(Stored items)
+ + + + + + +
(* Let $p,q\geq1$ be integers and let $(\vartheta(s),\alpha(s))$ be a trajectory of the differential system $$\dot\vartheta=3\sin\vartheta\cos\vartheta\sin(\alpha-\vartheta),\qquad \dot\alpha=q\cos\alpha\cos\vartheta-p\sin\alpha\sin\vartheta.$$ Suppose that for some $s_0$ one has $0<\vartheta(s_0)<\pi/2$ and $\vartheta(s_0)-\pi/2\leq\alpha(s_0)\leq\vartheta(s_0)+\pi/2$, i.e. the trajectory is in $R_1=\{(\vartheta,\alpha):0\leq\vartheta\leq\pi/2,\ \vartheta-\pi/2\leq\alpha\leq\vartheta+\pi/2\}$. Then the trajectory remains in $R_1$ for all $s\geq s_0$. *)

theory Defs
  imports Complex_Main
begin

definition R1 :: "(real \<times> real) set" where
  "R1 = {(th, a). 0 \<le> th \<and> th \<le> pi/2 \<and> th - pi/2 \<le> a \<and> a \<le> th + pi/2}"

end

theory Submission
  imports Defs "HOL-Analysis.Analysis"
begin

text \<open>
  Write \<open>\<beta> = \<alpha> - \<vartheta>\<close>. Up to periodicity, \<open>R1\<close> is cut out by \<open>sin \<vartheta> \<ge> 0\<close>,
  \<open>cos \<vartheta> \<ge> 0\<close> and \<open>cos \<beta> \<ge> 0\<close>, and along the flow each of these functions \<open>h\<close>
  satisfies \<open>h' \<ge> -K \<bar>h\<bar>\<close>. For \<open>sin \<vartheta>\<close> and \<open>cos \<vartheta>\<close> the derivative is \<open>h\<close> times a
  bounded factor; once \<open>\<vartheta>\<close> is known to stay in the first quadrant, the derivative of
  \<open>cos \<beta>\<close> is \<open>-sin \<beta> (q cos\<^sup>2\<vartheta> - p sin\<^sup>2\<vartheta>) cos \<beta> + (p + q + 3) sin \<vartheta> cos \<vartheta> sin\<^sup>2\<beta>\<close>,
  whose second summand is nonnegative. A Gronwall-type argument shows that such an \<open>h\<close>
  cannot become negative, and by continuity the angles cannot jump to another interval
  on which these signs hold again.
\<close>

lemma nonneg_if_deriv_ge_neg_abs:
  fixes h h' :: "real \<Rightarrow> real"
  assumes deriv: "\<And>u. a \<le> u \<Longrightarrow> u \<le> b \<Longrightarrow> (h has_real_derivative h' u) (at u)"
    and bound: "\<And>u. a \<le> u \<Longrightarrow> u \<le> b \<Longrightarrow> h' u \<ge> - K * \<bar>h u\<bar>"
    and "h a \<ge> 0" and "a \<le> b"
  shows "h b \<ge> 0"
proof (rule ccontr)
  assume "\<not> h b \<ge> 0"
  have cont: "continuous_on {a..b} h"
    using deriv by (intro has_real_derivative_imp_continuous_on) auto
  define S where "S = {u \<in> {a..b}. 0 \<le> h u}"
  define t where "t = Sup S"
  have "closed S"
    unfolding S_def by (intro continuous_on_closed_Collect_le cont continuous_on_const) auto
  moreover have "a \<in> S" "bdd_above S"
    using \<open>h a \<ge> 0\<close> \<open>a \<le> b\<close> unfolding S_def by auto
  ultimately have "t \<in> S"
    unfolding t_def by (intro closed_contains_Sup) auto
  then have t: "a \<le> t" "t \<le> b" "h t \<ge> 0"
    unfolding S_def by auto
  have neg_after_t: "h u < 0" if "t < u" "u \<le> b" for u
    using that t cSup_upper[OF _ \<open>bdd_above S\<close>, of u] unfolding S_def t_def by force
  \<comment> \<open>On \<open>(t, b]\<close> the bound reads \<open>h' \<ge> K h\<close>, so \<open>h e\<^sup>-\<^sup>K\<^sup>u\<close> is nondecreasing there.\<close>
  define F where "F u = h u * exp (- K * u)" for u
  have "F t \<le> F b"
  proof (rule DERIV_nonneg_imp_increasing_open[of t b F])
    show "continuous_on {t..b} F"
      unfolding F_def using t
      by (intro continuous_intros continuous_on_subset[OF cont]) auto
    fix u assume u: "t < u" "u < b"
    have "(F has_real_derivative (h' u - K * h u) * exp (- K * u)) (at u)"
      unfolding F_def using u t
      by (auto intro!: derivative_eq_intros deriv simp: algebra_simps)
    moreover have "h' u - K * h u \<ge> 0"
      using bound[of u] neg_after_t[of u] u t by auto
    ultimately show "\<exists>y. DERIV F u :> y \<and> 0 \<le> y"
      by auto
  qed (use t in auto)
  moreover have "F t \<ge> 0" "F b < 0"
    using t \<open>\<not> h b \<ge> 0\<close> unfolding F_def by (auto simp: mult_neg_pos)
  ultimately show False by linarith
qed

lemma continuous_le_if_avoids_interval:
  fixes f :: "real \<Rightarrow> real"
  assumes "continuous_on {a..b} f" and "a \<le> b" and "f a \<le> c" and "c < d"
    and avoid: "\<And>u. a \<le> u \<Longrightarrow> u \<le> b \<Longrightarrow> f u \<notin> {c<..<d}"
  shows "f b \<le> c"
proof (rule ccontr)
  assume "\<not> f b \<le> c"
  then obtain u where "a \<le> u" "u \<le> b" "f u = min (f b) ((c + d) / 2)"
    using IVT'[of f a "min (f b) ((c + d) / 2)" b] assms by auto
  then show False
    using avoid[of u] \<open>\<not> f b \<le> c\<close> \<open>c < d\<close> by (auto simp: min_def split: if_splits)
qed

lemma continuous_ge_if_avoids_interval:
  fixes f :: "real \<Rightarrow> real"
  assumes "continuous_on {a..b} f" and "a \<le> b" and "f a \<ge> d" and "c < d"
    and avoid: "\<And>u. a \<le> u \<Longrightarrow> u \<le> b \<Longrightarrow> f u \<notin> {c<..<d}"
  shows "f b \<ge> d"
proof -
  have "- f b \<le> - d"
  proof (rule continuous_le_if_avoids_interval[where f = "\<lambda>u. - f u" and d = "- c"])
    show "continuous_on {a..b} (\<lambda>u. - f u)"
      using assms(1) by (rule continuous_on_minus)
  qed (use assms in auto)
  then show ?thesis by simp
qed

lemma neg_abs_le_mult:
  fixes x y :: real
  assumes "\<bar>y\<bar> \<le> 1"
  shows "- \<bar>x\<bar> \<le> x * y"
proof -
  have "\<bar>x * y\<bar> \<le> \<bar>x\<bar>"
    using assms by (simp add: abs_mult mult_left_le)
  then show ?thesis by linarith
qed

lemma sin_flow_ge:
  fixes t b :: real
  shows "cos t * (3 * sin t * cos t * sin b) \<ge> - 3 * \<bar>sin t\<bar>"
proof -
  have "\<bar>(cos t)\<^sup>2 * sin b\<bar> \<le> 1"
    by (simp add: abs_mult abs_square_le_1 mult_le_one)
  then have "- \<bar>3 * sin t\<bar> \<le> 3 * sin t * ((cos t)\<^sup>2 * sin b)"
    by (rule neg_abs_le_mult)
  then show ?thesis
    by (simp add: power2_eq_square abs_mult mult_ac)
qed

lemma cos_flow_ge:
  fixes t b :: real
  shows "- sin t * (3 * sin t * cos t * sin b) \<ge> - 3 * \<bar>cos t\<bar>"
proof -
  have "\<bar>- (sin t)\<^sup>2 * sin b\<bar> \<le> 1"
    by (simp add: abs_mult abs_square_le_1 mult_le_one)
  then have "- \<bar>3 * cos t\<bar> \<le> 3 * cos t * (- (sin t)\<^sup>2 * sin b)"
    by (rule neg_abs_le_mult)
  then show ?thesis
    by (simp add: power2_eq_square abs_mult mult_ac)
qed

lemma cos_difference_flow_ge:
  fixes t a p q :: real
  assumes "p \<ge> 0" and "q \<ge> 0" and "sin t \<ge> 0" and "cos t \<ge> 0"
  shows "- sin (a - t) * ((q * cos a * cos t - p * sin a * sin t) - 3 * sin t * cos t * sin (a - t))
    \<ge> - (p + q) * \<bar>cos (a - t)\<bar>"
proof -
  define b where "b = a - t"
  have a: "a = t + b"
    unfolding b_def by simp
  define c where "c = - sin b * (q * (cos t)\<^sup>2 - p * (sin t)\<^sup>2)"
  have split: "- sin b * ((q * cos a * cos t - p * sin a * sin t) - 3 * sin t * cos t * sin b)
      = c * cos b + (p + q + 3) * (sin t * cos t) * (sin b)\<^sup>2"
    unfolding a c_def by (simp add: cos_add sin_add algebra_simps power2_eq_square)
  have "\<bar>q * (cos t)\<^sup>2 - p * (sin t)\<^sup>2\<bar> \<le> q * (cos t)\<^sup>2 + p * (sin t)\<^sup>2"
    using assms by (auto simp: abs_le_iff)
  also have "\<dots> \<le> q + p"
    using assms by (intro add_mono mult_left_le) (simp_all add: abs_square_le_1)
  finally have "\<bar>sin b\<bar> * \<bar>q * (cos t)\<^sup>2 - p * (sin t)\<^sup>2\<bar> \<le> 1 * (p + q)"
    by (intro mult_mono) simp_all
  then have "\<bar>c * cos b\<bar> \<le> (p + q) * \<bar>cos b\<bar>"
    unfolding c_def abs_mult abs_minus by (intro mult_right_mono) simp_all
  then have "c * cos b \<ge> - (p + q) * \<bar>cos b\<bar>"
    using abs_ge_minus_self[of "c * cos b"] by linarith
  moreover have "(p + q + 3) * (sin t * cos t) * (sin b)\<^sup>2 \<ge> 0"
    using assms by simp
  ultimately show ?thesis
    using split unfolding b_def by linarith
qed

locale trajectory =
  fixes p q :: real and theta alpha :: "real \<Rightarrow> real"
  assumes p_nonneg: "p \<ge> 0" and q_nonneg: "q \<ge> 0"
    and theta_deriv: "\<And>s. (theta has_real_derivative
              (3 * sin (theta s) * cos (theta s) * sin (alpha s - theta s))) (at s)"
    and alpha_deriv: "\<And>s. (alpha has_real_derivative
              (q * cos (alpha s) * cos (theta s) - p * sin (alpha s) * sin (theta s))) (at s)"
begin

lemma continuous_on_theta: "continuous_on A theta"
  using theta_deriv by (rule has_real_derivative_imp_continuous_on)

lemma continuous_on_alpha: "continuous_on A alpha"
  using alpha_deriv by (rule has_real_derivative_imp_continuous_on)

lemma continuous_on_alpha_minus_theta: "continuous_on A (\<lambda>s. alpha s - theta s)"
  by (intro continuous_on_diff continuous_on_alpha continuous_on_theta)

lemma sin_theta_nonneg:
  assumes "sin (theta s0) \<ge> 0" and "s0 \<le> s"
  shows "sin (theta s) \<ge> 0"
proof (rule nonneg_if_deriv_ge_neg_abs[where h = "\<lambda>u. sin (theta u)" and K = 3])
  fix u
  show "((\<lambda>u. sin (theta u)) has_real_derivative
      cos (theta u) * (3 * sin (theta u) * cos (theta u) * sin (alpha u - theta u))) (at u)"
    by (rule DERIV_fun_sin[OF theta_deriv])
  show "cos (theta u) * (3 * sin (theta u) * cos (theta u) * sin (alpha u - theta u))
      \<ge> - 3 * \<bar>sin (theta u)\<bar>"
    by (rule sin_flow_ge)
qed (use assms in auto)

lemma cos_theta_nonneg:
  assumes "cos (theta s0) \<ge> 0" and "s0 \<le> s"
  shows "cos (theta s) \<ge> 0"
proof (rule nonneg_if_deriv_ge_neg_abs[where h = "\<lambda>u. cos (theta u)" and K = 3])
  fix u
  show "((\<lambda>u. cos (theta u)) has_real_derivative
      - sin (theta u) * (3 * sin (theta u) * cos (theta u) * sin (alpha u - theta u))) (at u)"
    by (rule DERIV_fun_cos[OF theta_deriv])
  show "- sin (theta u) * (3 * sin (theta u) * cos (theta u) * sin (alpha u - theta u))
      \<ge> - 3 * \<bar>cos (theta u)\<bar>"
    by (rule cos_flow_ge)
qed (use assms in auto)

lemma theta_bounds:
  assumes "0 \<le> theta s0" and "theta s0 \<le> pi/2" and "s0 \<le> s"
  shows "0 \<le> theta s" and "theta s \<le> pi/2"
proof -
  have "sin (theta s0) \<ge> 0" "cos (theta s0) \<ge> 0"
    using assms by (auto intro: sin_ge_zero cos_ge_zero)
  then have sin_nonneg: "sin (theta u) \<ge> 0" and cos_nonneg: "cos (theta u) \<ge> 0"
    if "s0 \<le> u" for u
    using that by (auto intro: sin_theta_nonneg cos_theta_nonneg)
  show "0 \<le> theta s"
  proof (rule continuous_ge_if_avoids_interval
      [where f = theta and a = s0 and b = s and c = "- pi/2"])
    fix u assume "s0 \<le> u"
    then show "theta u \<notin> {- pi/2<..<0}"
      using sin_nonneg[of u] sin_less_zero[of "theta u"] by auto
  qed (use assms continuous_on_theta in auto)
  show "theta s \<le> pi/2"
  proof (rule continuous_le_if_avoids_interval
      [where f = theta and a = s0 and b = s and d = "3 * pi/2"])
    fix u assume "s0 \<le> u"
    then show "theta u \<notin> {pi/2<..<3 * pi/2}"
      using cos_nonneg[of u] cos_lt_zero_pi[of "theta u"] by auto
  qed (use assms continuous_on_theta in auto)
qed

lemma cos_alpha_minus_theta_nonneg:
  assumes "0 \<le> theta s0" and "theta s0 \<le> pi/2" and "cos (alpha s0 - theta s0) \<ge> 0"
    and "s0 \<le> s"
  shows "cos (alpha s - theta s) \<ge> 0"
proof (rule nonneg_if_deriv_ge_neg_abs
    [where h = "\<lambda>u. cos (alpha u - theta u)" and K = "p + q"])
  fix u
  show "((\<lambda>u. cos (alpha u - theta u)) has_real_derivative
      - sin (alpha u - theta u) *
        ((q * cos (alpha u) * cos (theta u) - p * sin (alpha u) * sin (theta u))
          - 3 * sin (theta u) * cos (theta u) * sin (alpha u - theta u))) (at u)"
    by (auto intro!: derivative_eq_intros theta_deriv alpha_deriv)
  assume "s0 \<le> u"
  then have "0 \<le> theta u" "theta u \<le> pi/2"
    using assms theta_bounds by blast+
  then show "- sin (alpha u - theta u) *
        ((q * cos (alpha u) * cos (theta u) - p * sin (alpha u) * sin (theta u))
          - 3 * sin (theta u) * cos (theta u) * sin (alpha u - theta u))
      \<ge> - (p + q) * \<bar>cos (alpha u - theta u)\<bar>"
    by (intro cos_difference_flow_ge p_nonneg q_nonneg sin_ge_zero cos_ge_zero) auto
qed (use assms in auto)

lemma alpha_minus_theta_bounds:
  assumes "0 \<le> theta s0" and "theta s0 \<le> pi/2" and "\<bar>alpha s0 - theta s0\<bar> \<le> pi/2"
    and "s0 \<le> s"
  shows "\<bar>alpha s - theta s\<bar> \<le> pi/2"
proof -
  have initial: "- pi/2 \<le> alpha s0 - theta s0" "alpha s0 - theta s0 \<le> pi/2"
    using assms(3) unfolding abs_le_iff by linarith+
  then have "cos (alpha s0 - theta s0) \<ge> 0"
    by (intro cos_ge_zero) auto
  then have cos_nonneg: "cos (alpha u - theta u) \<ge> 0" if "s0 \<le> u" for u
    using cos_alpha_minus_theta_nonneg[OF assms(1,2)] that by blast
  have "alpha s - theta s \<le> pi/2"
  proof (rule continuous_le_if_avoids_interval
      [where f = "\<lambda>u. alpha u - theta u" and a = s0 and b = s and d = "3 * pi/2"])
    fix u assume "s0 \<le> u"
    then show "alpha u - theta u \<notin> {pi/2<..<3 * pi/2}"
      using cos_nonneg[of u] cos_lt_zero_pi[of "alpha u - theta u"] by auto
  qed (use initial assms(4) continuous_on_alpha_minus_theta in auto)
  moreover have "- pi/2 \<le> alpha s - theta s"
  proof (rule continuous_ge_if_avoids_interval
      [where f = "\<lambda>u. alpha u - theta u" and a = s0 and b = s and c = "- 3 * pi/2"])
    fix u assume "s0 \<le> u"
    then show "alpha u - theta u \<notin> {- 3 * pi/2<..<- pi/2}"
      using cos_nonneg[of u] cos_lt_zero_pi[of "theta u - alpha u"]
      by (auto simp: cos_diff mult.commute)
  qed (use initial assms(4) continuous_on_alpha_minus_theta in auto)
  ultimately show ?thesis
    unfolding abs_le_iff by linarith
qed

lemma R1_forward_invariant:
  assumes "(theta s0, alpha s0) \<in> R1" and "s0 \<le> s"
  shows "(theta s, alpha s) \<in> R1"
proof -
  have "0 \<le> theta s0" "theta s0 \<le> pi/2" "\<bar>alpha s0 - theta s0\<bar> \<le> pi/2"
    using assms(1) unfolding R1_def abs_le_iff by auto
  then have "0 \<le> theta s" "theta s \<le> pi/2" "\<bar>alpha s - theta s\<bar> \<le> pi/2"
    using theta_bounds alpha_minus_theta_bounds assms(2) by blast+
  then show ?thesis
    unfolding R1_def abs_le_iff by auto
qed

end

theorem lemma4p7:
  fixes p q :: nat and theta alpha :: "real \<Rightarrow> real" and s0 :: real
  assumes "p \<ge> 1" and "q \<ge> 1"
    and "\<And>s. (theta has_real_derivative
              (3 * sin (theta s) * cos (theta s) * sin (alpha s - theta s))) (at s)"
    and "\<And>s. (alpha has_real_derivative
              (real q * cos (alpha s) * cos (theta s) - real p * sin (alpha s) * sin (theta s))) (at s)"
    and "0 < theta s0" and "theta s0 < pi/2"
    and "theta s0 - pi/2 \<le> alpha s0" and "alpha s0 \<le> theta s0 + pi/2"
  shows "\<forall>s\<ge>s0. (theta s, alpha s) \<in> R1"
proof -
  \<comment> \<open>The argument only needs \<open>p, q \<ge> 0\<close> and the closed region.\<close>
  interpret trajectory "real p" "real q" theta alpha
    using assms(3,4) by unfold_locales auto
  have "(theta s0, alpha s0) \<in> R1"
    using assms(5-8) unfolding R1_def by auto
  then show ?thesis
    using R1_forward_invariant by blast
qed

end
+ + + + + + +
§ **Exercise description**: Each line of the entries above that includes "these" counts once; state how many such lines there are, with the number as the only answer.

§ **Exercise solution**: 2